Although the new record has commonality with its predecessors, thematically it’s taking a different route. “I think I’ve moved away from the confessional writing of the first record. I still think that kind of writing is valid; I look back at Margins and I thought what we were doing was something with the vocabulary of an indie record that isn’t an indie record – there’s a lot of melancholy and space on that record that you wouldn’t necessarily get on a Maximo Park album.”

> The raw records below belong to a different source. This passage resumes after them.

(* Let $\mathcal{T}$ be a triangulation of a marked surface $(S,V)$. Then $D_f(\mathcal{T})\subset Q_f(\mathcal{T})$; that is, if $(\mathbf{I},\mathbf{r})\in\mathbb{R}^{E(\mathcal{T})}_{>1}\times\mathbb{R}^V_{>0}$ satisfies the local weighted Delaunay inequality on every edge of $\mathcal{T}$, then the lengths $L_f(\mathbf{I},\mathbf{r})$ satisfy the triangle inequalities on every face of $\mathcal{T}$ (so they define a piecewise flat metric).
   Context: A marked surface $(S,V)$: closed oriented surface $S$, nonempty finite $V=\{v_1,\dots,v_n\}$, $\chi(S\setminus V)<0$; a triangulation $\mathcal{T}$ is a $\Delta$-complex decomposition with $0$-cells $V$ (up to isotopy fixing $V$), with edges $E(\mathcal{T})$. For $(\mathbf{I},\mathbf{r})\in\mathbb{R}^{E(\mathcal{T})}_{>1}\times\mathbb{R}^V_{>0}$, $L_f(\mathbf{I},\mathbf{r})(e_{ij})=\sqrt{r_i^2+r_j^2+2I_{ij}r_ir_j}$. $Q_f(\mathcal{T})$ is the set of $(\mathbf{I},\mathbf{r})$ for which $L_f(\mathbf{I},\mathbf{r})$ satisfies the strict triangle inequality on every face. Local weighted Delaunay inequality at an edge $e_{ij}$ with adjacent faces $f_{ijk},f_{ijl}$ (hinge $\Diamond_{ij;kl}$): with $p=r_k,q=r_i,r=r_l,s=r_j$, $a=I_{ki},b=I_{il},c=I_{lj},d=I_{jk},e=I_{ij}$, $\Delta_{xyz}=x^2+y^2+z^2+2xyz-1$, $f=\frac{ab+cd+ace+bde+\sqrt{\Delta_{ade}}\sqrt{\Delta_{bce}}}{e^2-1}$, it is the inequality $\frac{\sqrt{\Delta_{bce}}}{p}+\frac{\sqrt{\Delta_{ade}}}{r}\le\frac{\sqrt{\Delta_{cdf}}}{q}+\frac{\sqrt{\Delta_{abf}}}{s}$. $D_f(\mathcal{T})$ is the set of $(\mathbf{I},\mathbf{r})\in\mathbb{R}^{E(\mathcal{T})}_{>1}\times\mathbb{R}^V_{>0}$ satisfying it at every edge. *)

theory Defs
  imports Complex_Main
begin

text \<open>
Combinatorial model of a triangulation (Delta-complex) of a closed oriented surface
with vertex set V.  The triangulation is given by a finite set D of darts (oriented
sides of triangles), a permutation nxt of order 3 (next side in the same oriented face),
a fixed-point-free involution opp (the edge gluing, orientation reversing) and a
tail map assigning to each dart its initial vertex.  Faces are nxt-orbits, edges are
opp-orbits, vertices are the values of tail; two darts have the same tail exactly when
they lie in the same orbit of the rotation around a vertex, d |-> nxt (opp d), so that
the quotient space is a closed surface.
\<close>

definition edge_of :: "('d \<Rightarrow> 'd) \<Rightarrow> 'd \<Rightarrow> 'd set" where
  "edge_of opp d = {d, opp d}"

definition face_of :: "('d \<Rightarrow> 'd) \<Rightarrow> 'd \<Rightarrow> 'd set" where
  "face_of nxt d = {d, nxt d, nxt (nxt d)}"

definition tri_edges :: "'d set \<Rightarrow> ('d \<Rightarrow> 'd) \<Rightarrow> 'd set set" where
  "tri_edges D opp = edge_of opp ` D"

definition tri_faces :: "'d set \<Rightarrow> ('d \<Rightarrow> 'd) \<Rightarrow> 'd set set" where
  "tri_faces D nxt = face_of nxt ` D"

definition triangulation ::
  "'d set \<Rightarrow> ('d \<Rightarrow> 'd) \<Rightarrow> ('d \<Rightarrow> 'd) \<Rightarrow> ('d \<Rightarrow> 'v) \<Rightarrow> 'v set \<Rightarrow> bool" where
  "triangulation D nxt opp tail V \<longleftrightarrow>
     finite D \<and> D \<noteq> {} \<and>
     (\<forall>d\<in>D. nxt d \<in> D \<and> nxt d \<noteq> d \<and> nxt (nxt (nxt d)) = d) \<and>
     (\<forall>d\<in>D. opp d \<in> D \<and> opp d \<noteq> d \<and> opp (opp d) = d) \<and>
     (\<forall>d\<in>D. tail (opp d) = tail (nxt d)) \<and>
     (\<forall>d\<in>D. \<forall>d'\<in>D. tail d = tail d' \<longleftrightarrow> (\<exists>n. ((\<lambda>x. nxt (opp x)) ^^ n) d = d')) \<and>
     (\<forall>d\<in>D. \<forall>d'\<in>D. (d, d') \<in> {(x, y). x \<in> D \<and> (y = nxt x \<or> y = opp x)}\<^sup>*) \<and>
     V = tail ` D \<and>
     \<comment> \<open>chi(S minus V) = |F| - |E| < 0\<close>
     card (tri_faces D nxt) < card (tri_edges D opp)"

definition Lf :: "('d \<Rightarrow> 'd) \<Rightarrow> ('d \<Rightarrow> 'd) \<Rightarrow> ('d \<Rightarrow> 'v)
     \<Rightarrow> ('d set \<Rightarrow> real) \<Rightarrow> ('v \<Rightarrow> real) \<Rightarrow> 'd \<Rightarrow> real" where
  "Lf nxt opp tail I r d =
     sqrt ((r (tail d))\<^sup>2 + (r (tail (nxt d)))\<^sup>2
           + 2 * I (edge_of opp d) * r (tail d) * r (tail (nxt d)))"

definition params :: "'d set \<Rightarrow> ('d \<Rightarrow> 'd) \<Rightarrow> 'v set
     \<Rightarrow> (('d set \<Rightarrow> real) \<times> ('v \<Rightarrow> real)) set" where
  "params D opp V = {(I, r). (\<forall>e\<in>tri_edges D opp. I e > 1) \<and> (\<forall>v\<in>V. r v > 0)}"

text \<open>Q_f(T): strict triangle inequalities on every face (all three rotations of each
face are covered by quantifying over all darts).\<close>
definition Qf :: "'d set \<Rightarrow> ('d \<Rightarrow> 'd) \<Rightarrow> ('d \<Rightarrow> 'd) \<Rightarrow> ('d \<Rightarrow> 'v) \<Rightarrow> 'v set
     \<Rightarrow> (('d set \<Rightarrow> real) \<times> ('v \<Rightarrow> real)) set" where
  "Qf D nxt opp tail V = {(I, r). (I, r) \<in> params D opp V \<and>
     (\<forall>d\<in>D. Lf nxt opp tail I r d
              < Lf nxt opp tail I r (nxt d) + Lf nxt opp tail I r (nxt (nxt d)))}"

definition Dlt :: "real \<Rightarrow> real \<Rightarrow> real \<Rightarrow> real" where
  "Dlt x y z = x\<^sup>2 + y\<^sup>2 + z\<^sup>2 + 2 * x * y * z - 1"

definition fpar :: "real \<Rightarrow> real \<Rightarrow> real \<Rightarrow> real \<Rightarrow> real \<Rightarrow> real" where
  "fpar a b c d e =
     (a * b + c * d + a * c * e + b * d * e + sqrt (Dlt a d e) * sqrt (Dlt b c e)) / (e\<^sup>2 - 1)"

definition local_wDelaunay :: "real \<Rightarrow> real \<Rightarrow> real \<Rightarrow> real
     \<Rightarrow> real \<Rightarrow> real \<Rightarrow> real \<Rightarrow> real \<Rightarrow> real \<Rightarrow> bool" where
  "local_wDelaunay p q r s a b c d e \<longleftrightarrow>
     (let f = fpar a b c d e in
       sqrt (Dlt b c e) / p + sqrt (Dlt a d e) / r
         \<le> sqrt (Dlt c d f) / q + sqrt (Dlt a b f) / s)"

Musically, Diagrams excels in its moments of plaintive splendour; The Beauty Contest with its gorgeous harmonies recalls Low; Lake Burley Griffin lumbers along with the beautiful inertia of post-rock groups like Mogwai and Red Sparowes; counterbalanced by upbeat indie pop tunes like Hollywood Hills, indebted to the likes of the Go-Betweens and The Triffids.

I like escapism and I’m interested in what’s going on in the world

“I think of the songs on this record as fragments of stories or chapters.” Paul says. “There’s a song on the record, Around And Around, which is really inspired by the American writer Denis Johnson – it’s Middle America, slice of life kind of stuff. A lot of people have asked if it’s about Brexit, but I really just wanted to transpose this kind of narrative thinking ‘What if this was set in Teesside!’. Some of the newer songs are about Brexit, but I’ve tried to make it a little more cryptic – especially as the last Maximo Park album was so unambiguous. Saying that, I don’t think we necessarily need ambiguity at the moment, especially as there’s so much of it in the world with the way things are being sold and reported, experts are being thrown out of the window. I like escapism and I’m interested in what’s going on in the world, I don’t think the two things are mutually exclusive.”

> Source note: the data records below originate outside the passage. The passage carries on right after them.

(* Let $k\in\mathbb{N}$ and let $F\colon S_{\ell_\infty^k}\to S_{\ell_1^k}$ be an injective continuous map which does not increase support size. Then there is a permutation $\pi$ of $\{1,\dots,k\}$ such that $F\circ P_\pi$ is support preserving. In particular, $F$ preserves support size, i.e. $|\mathrm{supp}(F(x))|=|\mathrm{supp}(x)|$ for all $x\in S_{\ell_\infty^k}$.
   Context: $S_{\ell_p^k}$ is the unit sphere of $(\mathbb{R}^k,\|\cdot\|_p)$. $\mathrm{supp}(x)=\{i:x_i\neq0\}$. $F$ does not increase support size if $|\mathrm{supp}(F(x))|\le|\mathrm{supp}(x)|$ for all $x$; $G$ is support preserving if $\mathrm{supp}(G(x))=\mathrm{supp}(x)$ for all $x$. $P_\pi(x_j)_{j=1}^k=(x_{\pi(j)})_{j=1}^k$. *)

theory Defs
  imports "HOL-Analysis.Analysis"
begin

text \<open>Vectors in R^k are modelled as real^'n, with 'n a finite index type of size k.\<close>

definition linf_norm :: "real^'n \<Rightarrow> real" where
  "linf_norm x = (MAX i\<in>UNIV. \<bar>x $ i\<bar>)"

definition l1_norm :: "real^'n \<Rightarrow> real" where
  "l1_norm x = (\<Sum>i\<in>UNIV. \<bar>x $ i\<bar>)"

definition sphere_linf :: "(real^'n) set" where
  "sphere_linf = {x. linf_norm x = 1}"

definition sphere_l1 :: "(real^'n) set" where
  "sphere_l1 = {x. l1_norm x = 1}"

definition supp :: "real^'n \<Rightarrow> 'n set" where
  "supp x = {i. x $ i \<noteq> 0}"

definition perm_coords :: "('n \<Rightarrow> 'n) \<Rightarrow> real^'n \<Rightarrow> real^'n" where
  "perm_coords \<pi> x = (\<chi> j. x $ \<pi> j)"

end

theory Submission
  imports Defs "HOL-Homology.Invariance_of_Domain"
begin

(* Rescaling radially turns F into an injective continuous map G of the l1 sphere into
   itself that does not increase support size. The l1 sphere is the disjoint union of the
   open faces {x. sign_vec x = s}, one for each sign pattern s, and the face of s is an open
   subset of an affine space of dimension |supp s| - 1.
   By induction on m, G maps every face with m + 1 nonzero signs onto such a face, so that
   the points of support size at most m + 1 are all attained at that level. Indeed, by
   injectivity G x has the support size of x once the smaller levels are exhausted; sign
   vectors are locally constant among vectors of equal support size, so the connected image
   of a face lies in a single face; there it is open by invariance of domain and closed
   because the boundary of the compact closed face has smaller support. Counting faces
   gives surjectivity at level m + 1.
   By continuity G maps closed faces into closed faces, so the vertex +-e_i of a face goes
   to a vertex +-e_j of the image face, and supp (G x) is the image of supp x under
   i |-> j. Comparing two faces of full support shows that j does not depend on the sign
   at e_i, which yields the permutation. *)

section \<open>Sign patterns and faces of the l1 sphere\<close>

lemma l1_norm_scaleR: "l1_norm (c *\<^sub>R x) = \<bar>c\<bar> * l1_norm x"
  by (simp add: l1_norm_def abs_mult sum_distrib_left)

lemma l1_norm_pos:
  assumes "x \<noteq> 0"
  shows "0 < l1_norm x"
proof -
  have "0 < norm x"
    using assms by simp
  also have "norm x \<le> l1_norm x"
    unfolding l1_norm_def by (rule norm_le_l1_cart)
  finally show ?thesis .
qed

lemma nonzero_if_sphere_l1: "x \<in> sphere_l1 \<Longrightarrow> x \<noteq> 0"
  by (auto simp: sphere_l1_def l1_norm_def)

lemma supp_nonempty_if_sphere_l1: "x \<in> sphere_l1 \<Longrightarrow> supp x \<noteq> {}"
  using nonzero_if_sphere_l1 by (auto simp: supp_def vec_eq_iff)

lemma closed_sphere_l1: "closed sphere_l1"
proof -
  have "continuous_on UNIV (l1_norm :: real^'n \<Rightarrow> real)"
    unfolding l1_norm_def by (intro continuous_intros)
  then show ?thesis
    unfolding sphere_l1_def by (rule closed_Collect_eq) (rule continuous_on_const)
qed

lemma bounded_sphere_l1: "bounded sphere_l1"
  unfolding bounded_iff sphere_l1_def
  by (metis (mono_tags) l1_norm_def mem_Collect_eq norm_le_l1_cart)

lemma supp_scaleR: "c \<noteq> 0 \<Longrightarrow> supp (c *\<^sub>R x) = supp x"
  by (auto simp: supp_def)

lemma supp_axis: "e \<noteq> 0 \<Longrightarrow> supp (axis i e) = {i}"
  by (auto simp: supp_def axis_def)

lemma l1_norm_axis: "l1_norm (axis i e) = \<bar>e\<bar>"
  unfolding l1_norm_def by (subst sum.remove[of _ i]) (auto simp: axis_def)

definition sign_vec :: "real^'n \<Rightarrow> real^'n" where
  "sign_vec x = (\<chi> i. sgn (x $ i))"

definition sign_patterns :: "(real^'n) set" where
  "sign_patterns = {s. \<forall>i. s $ i \<in> {-1, 0, 1}}"

lemma supp_sign_vec [simp]: "supp (sign_vec x) = supp x"
  by (auto simp: supp_def sign_vec_def sgn_if)

lemma sign_vec_in_sign_patterns: "sign_vec x \<in> sign_patterns"
  by (auto simp: sign_patterns_def sign_vec_def sgn_if)

lemma sign_patterns_component: "s \<in> sign_patterns \<Longrightarrow> s $ i \<in> {-1, 0, 1}"
  by (simp add: sign_patterns_def)

lemma sgn_sign_pattern: "s \<in> sign_patterns \<Longrightarrow> sgn (s $ i) = s $ i"
  using sign_patterns_component[of s i] by auto

lemma sign_vec_eq_pattern_iff:
  assumes "s \<in> sign_patterns"
  shows "sign_vec x = s \<longleftrightarrow> (\<forall>i. (s $ i = 0 \<longrightarrow> x $ i = 0) \<and> (s $ i \<noteq> 0 \<longrightarrow> 0 < s $ i * x $ i))"
proof -
  have "sgn (x $ i) = s $ i \<longleftrightarrow> (s $ i = 0 \<longrightarrow> x $ i = 0) \<and> (s $ i \<noteq> 0 \<longrightarrow> 0 < s $ i * x $ i)" for i
    using sign_patterns_component[OF assms, of i] by (auto simp: sgn_if mult_pos_pos zero_less_mult_iff)
  then show ?thesis by (auto simp: sign_vec_def vec_eq_iff)
qed

lemma finite_sign_patterns: "finite (sign_patterns :: (real^'n) set)"
proof -
  have "(sign_patterns :: (real^'n) set) \<subseteq> vec_lambda ` (UNIV \<rightarrow>\<^sub>E {-1, 0, 1})"
  proof
    fix s :: "real^'n"
    assume "s \<in> sign_patterns"
    then have "vec_nth s \<in> UNIV \<rightarrow>\<^sub>E {-1, 0, 1}" by (auto simp: sign_patterns_def)
    then show "s \<in> vec_lambda ` (UNIV \<rightarrow>\<^sub>E {-1, 0, 1})" by (rule rev_image_eqI) simp
  qed
  then show ?thesis by (rule finite_subset) (intro finite_imageI finite_PiE; simp)
qed

lemma inner_sign_vec: "sign_vec x \<bullet> x = l1_norm x"
  by (simp add: inner_vec_def l1_norm_def sign_vec_def abs_sgn mult.commute)

definition sign_cone :: "real^'n \<Rightarrow> (real^'n) set" where
  "sign_cone s = {x. \<forall>i. s $ i \<noteq> 0 \<longrightarrow> 0 < s $ i * x $ i}"

lemma sign_cone_eq_Inter: "sign_cone s = (\<Inter>i\<in>supp s. {x. 0 < s $ i * x $ i})"
  by (auto simp: sign_cone_def supp_def)

lemma open_sign_cone: "open (sign_cone s)"
  unfolding sign_cone_eq_Inter
  by (intro open_INT finite ballI open_Collect_less continuous_intros)

lemma convex_sign_cone:
  fixes s :: "real^'n"
  shows "convex (sign_cone s)"
proof -
  have "{x::real^'n. 0 < s $ i * x $ i} = {x. axis i (s $ i) \<bullet> x > 0}" for i
    by (simp add: inner_axis' mult.commute)
  then show ?thesis
    unfolding sign_cone_eq_Inter by (auto intro!: convex_INT convex_halfspace_gt)
qed

lemma in_sign_cone_sign_vec: "x \<in> sign_cone (sign_vec x)"
  by (auto simp: sign_cone_def sign_vec_def sgn_if)

lemma sign_vec_eq_if_in_sign_cone:
  assumes s: "s \<in> sign_patterns" and y: "y \<in> sign_cone s" and card: "card (supp y) \<le> card (supp s)"
  shows "sign_vec y = s"
proof -
  have "supp s \<subseteq> supp y"
    using y by (auto simp: sign_cone_def supp_def)
  then have "supp y = supp s" using card_seteq[OF finite _ card] by simp
  with y show ?thesis
    by (auto simp: sign_vec_eq_pattern_iff[OF s] sign_cone_def supp_def set_eq_iff)
qed

lemma sign_vec_constant_on_connected:
  assumes "connected A" and "\<And>y. y \<in> A \<Longrightarrow> card (supp y) = n"
  shows "sign_vec constant_on A"
proof (rule locally_constant_imp_constant[OF assms(1)])
  fix a
  assume a: "a \<in> A"
  show "\<exists>T. openin (top_of_set A) T \<and> a \<in> T \<and> (\<forall>y\<in>T. sign_vec y = sign_vec a)"
  proof (intro exI conjI ballI)
    show "openin (top_of_set A) (A \<inter> sign_cone (sign_vec a))"
      by (simp add: openin_open_Int open_sign_cone)
    show "a \<in> A \<inter> sign_cone (sign_vec a)"
      using a in_sign_cone_sign_vec by blast
    fix y
    assume "y \<in> A \<inter> sign_cone (sign_vec a)"
    then show "sign_vec y = sign_vec a"
      using assms(2) a by (intro sign_vec_eq_if_in_sign_cone) (auto simp: sign_vec_in_sign_patterns)
  qed
qed

definition face_plane :: "real^'n \<Rightarrow> (real^'n) set" where
  "face_plane s = {x. (\<forall>i. s $ i = 0 \<longrightarrow> x $ i = 0) \<and> s \<bullet> x = 1}"

definition open_face :: "real^'n \<Rightarrow> (real^'n) set" where
  "open_face s = {x \<in> sphere_l1. sign_vec x = s}"

definition closed_face :: "real^'n \<Rightarrow> (real^'n) set" where
  "closed_face s = {x \<in> sphere_l1. \<forall>i. 0 \<le> s $ i * x $ i \<and> (s $ i = 0 \<longrightarrow> x $ i = 0)}"

definition face_center :: "real^'n \<Rightarrow> real^'n" where
  "face_center s = s /\<^sub>R real (card (supp s))"

lemma face_plane_eq: "face_plane s = {x. \<forall>i. i \<notin> supp s \<longrightarrow> x $ i = 0} \<inter> {x. s \<bullet> x = 1}"
  by (auto simp: face_plane_def supp_def)

lemma affine_face_plane: "affine (face_plane s)"
  unfolding face_plane_eq
  by (intro affine_Int subspace_imp_affine affine_hyperplane) (auto simp: subspace_def)

lemma open_face_eq:
  assumes "s \<in> sign_patterns"
  shows "open_face s = face_plane s \<inter> sign_cone s"
proof (rule Set.set_eqI, rule iffI)
  fix x
  assume x: "x \<in> open_face s"
  then have "s \<bullet> x = 1"
    by (auto simp: open_face_def sphere_l1_def simp flip: inner_sign_vec)
  with x show "x \<in> face_plane s \<inter> sign_cone s"
    by (auto simp: open_face_def face_plane_def sign_cone_def sign_vec_eq_pattern_iff[OF assms])
next
  fix x
  assume x: "x \<in> face_plane s \<inter> sign_cone s"
  then have "sign_vec x = s"
    by (auto simp: face_plane_def sign_cone_def sign_vec_eq_pattern_iff[OF assms])
  with x show "x \<in> open_face s"
    by (auto simp: open_face_def face_plane_def sphere_l1_def simp flip: inner_sign_vec)
qed

lemma open_face_subset_sphere: "open_face s \<subseteq> sphere_l1"
  by (auto simp: open_face_def)

lemma supp_open_face: "x \<in> open_face s \<Longrightarrow> supp x = supp s"
  using supp_sign_vec[of x] by (simp add: open_face_def)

For all of the other things going on in and around it, like most of Paul’s work Diagrams is a deeply romantic record, and romance remains a source of inspiration for him. “Much like The Night I Lost My Head, Hollywood Hills is a silly song about making the wrong moves in life and I think that’s something I keep coming back to.” He also returns to his teenage record collection, which makes for rich inspiration. “Cat Power, Dirty Three, Papa M, Tortoise…the people who really inspired me to play guitar like Jim O’ Rourke, David Grubbs, Martin Carthy; there’s a lot on here which is a love letter to that.”

Paul Smith releases Diagrams via Billingham Records on 26th October. He plays The Waiting Room, Eaglescliffe on Sunday 28th October (returns only) and The Cluny, Newcastle on Saturday 24th November.